Das Interesse für solche Ämter ist gering

«Die Suche nach Mitgliedern erweist sich für unsere Kirchgemeinde als sehr schwierig», sagt die Präsidentin. Das Interesse an einem Amt halte sich in Grenzen. «Es hat sich bis jetzt erst ein Interessent bei uns gemeldet. Er war jedoch Katholik und ist deswegen für das Amt leider ungeeignet», sagt Präsidentin Karin Rommel. Falls bis zur Kirchbürgerversammlung im April keine Mitglieder gefunden werden, werde der Vorstand vorderhand mit den verbleibenden drei Mitgliedern Karin Rommel, Marion Züst und Bubu Corozza weitergeführt.
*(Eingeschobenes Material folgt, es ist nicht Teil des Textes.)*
lemma exists_ordering_with_connected_prefixes:
  assumes fin: "finite V"
    and NC: "\<And>v. connected_on (V - {v}) (E \<union> {{x, y}})"
    and P: "x \<in> P" "P \<subseteq> V" "connected_on P E"
    and R: "y \<in> V - P" "connected_on (V - P) E"
  shows "\<exists>ws. distinct ws \<and> set ws = V - P - {y} \<and>
    (\<forall>k\<le>length ws. connected_on (P \<union> set (take k ws)) E \<and>
                    connected_on (V - P - set (take k ws)) E)"
  using P R
proof (induction "card (V - P)" arbitrary: P rule: less_induct)
  case less
  show ?case
  proof (cases "V - P = {y}")
    case True
    then show ?thesis using less.prems by (intro exI[of _ "[]"]) auto
  next
    case False
    then obtain v u where v: "v \<in> V - P - {y}" "u \<in> P" "adj E u v"
      and R': "connected_on (V - P - {v}) E"
      using exists_removable_neighbour[OF fin NC] less.prems by metis
    have "V - insert v P = V - P - {v}" by auto
    moreover have "card (V - P - {v}) < card (V - P)"
      using fin v by (intro card_Diff1_less) auto
    moreover have "connected_on (insert v P) E"
      using connected_on_insert[OF less.prems(3) v(2,3)] .
    ultimately obtain ws where ws: "distinct ws" "set ws = V - insert v P - {y}"
      "\<forall>k\<le>length ws. connected_on (insert v P \<union> set (take k ws)) E \<and>
                      connected_on (V - insert v P - set (take k ws)) E"
      using less.hyps[of "insert v P"] less.prems v R' by auto
    have "\<forall>k\<le>length (v # ws). connected_on (P \<union> set (take k (v # ws))) E \<and>
                               connected_on (V - P - set (take k (v # ws))) E"
    proof (intro allI impI)
      fix k assume k: "k \<le> length (v # ws)"
      show "connected_on (P \<union> set (take k (v # ws))) E \<and>
            connected_on (V - P - set (take k (v # ws))) E"
      proof (cases k)
        case 0
        then show ?thesis using less.prems by simp
      next
        case (Suc k')
        then have "P \<union> set (take k (v # ws)) = insert v P \<union> set (take k' ws)"
          "V - P - set (take k (v # ws)) = V - insert v P - set (take k' ws)" by auto
        then show ?thesis using ws(3) k Suc by simp
      qed
    qed
    with ws v show ?thesis by (intro exI[of _ "v # ws"]) auto
  qed
qed

lemma exists_ordering_with_connected_prefixes_from:
  assumes fin: "finite V" and G: "connected_graph V E"
    and xy: "x \<in> V" "y \<in> V" "x \<noteq> y" and NC: "\<not> has_cutvertex V (E \<union> {{x, y}})"
  shows "\<exists>vs. distinct vs \<and> set vs = V - {y} \<and> hd vs = x \<and> vs \<noteq> [] \<and>
    (\<forall>k\<in>{1..length vs}. connected_on (set (take k vs)) E \<and>
                         connected_on (V - set (take k vs)) E)"
proof -
  have "reach V (E \<union> {{x, y}}) a b" if "a \<in> V" "b \<in> V" for a b
  proof -
    have "reach V E a b" using G that by (simp add: connected_graph_def)
    then show ?thesis by (rule reach_mono) (auto simp: adj_def)
  qed
  then have "connected_graph V (E \<union> {{x, y}})"
    using G by (simp add: connected_graph_def)
  then have NC': "connected_on (V - {v}) (E \<union> {{x, y}})" for v
    using connected_on_delete_vertex_if_no_cutvertex[OF fin _ NC] by blast
  have "connected_on {x} E" by (auto simp: connected_on_def intro: reach_refl)
  moreover have "connected_on (V - {x}) E"
    unfolding connected_on_def
  proof (intro ballI)
    fix a b assume "a \<in> V - {x}" "b \<in> V - {x}"
    then have "reach (V - {x}) (E \<union> {{x, y}}) a b" using NC'[of x] by (simp add: connected_on_def)
    then show "reach (V - {x}) E a b" by (rule reach_mono) (auto simp: adj_def doubleton_eq_iff)
  qed
  ultimately obtain ws where ws: "distinct ws" "set ws = V - {x} - {y}"
    "\<forall>k\<le>length ws. connected_on ({x} \<union> set (take k ws)) E \<and>
                    connected_on (V - {x} - set (take k ws)) E"
    using exists_ordering_with_connected_prefixes[OF fin NC', of "{x}"] xy by auto
  have "connected_on (set (take k (x # ws))) E \<and> connected_on (V - set (take k (x # ws))) E"
    if k: "k \<in> {1..length (x # ws)}" for k
  proof -
    obtain k' where k': "k = Suc k'" "k' \<le> length ws" using k by (cases k) auto
    then have "set (take k (x # ws)) = {x} \<union> set (take k' ws)"
      "V - set (take k (x # ws)) = V - {x} - set (take k' ws)" by auto
    then show ?thesis using ws(3) k'(2) by presburger
  qed
  with ws xy show ?thesis by (intro exI[of _ "x # ws"]) auto
qed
Dies sei vom Aufwand her eigentlich auch machbar, sagt Rommel. Auf längere Zeit sei es jedoch problematisch, da die Landeskirche den Kirchgemeinden eine Vorsteherschaft mit fünf Mitgliedern vorschreibe. «Dann müssten wir die Suche nach Mitgliedern wohl intensivieren.»

Nicht nur in Grub-Eggeriet gibt es dieses Problem

In der Zukunft ist jedoch ein Hoffnungsschimmer in Sicht. Ein Thema, das diskutiert wird, ist die Zusammenschliessung der Kirchgemeinden im Appenzeller Vorderland. Dies soll vor allem die Vorsteherschaften der Kirchgemeinden entlasten. Wann und ob die Fusion der Kirchgemeinden im Appenzeller Vorderland tatsächlich stattfinden wird, sei jedoch noch ungewiss, sagt Rommel.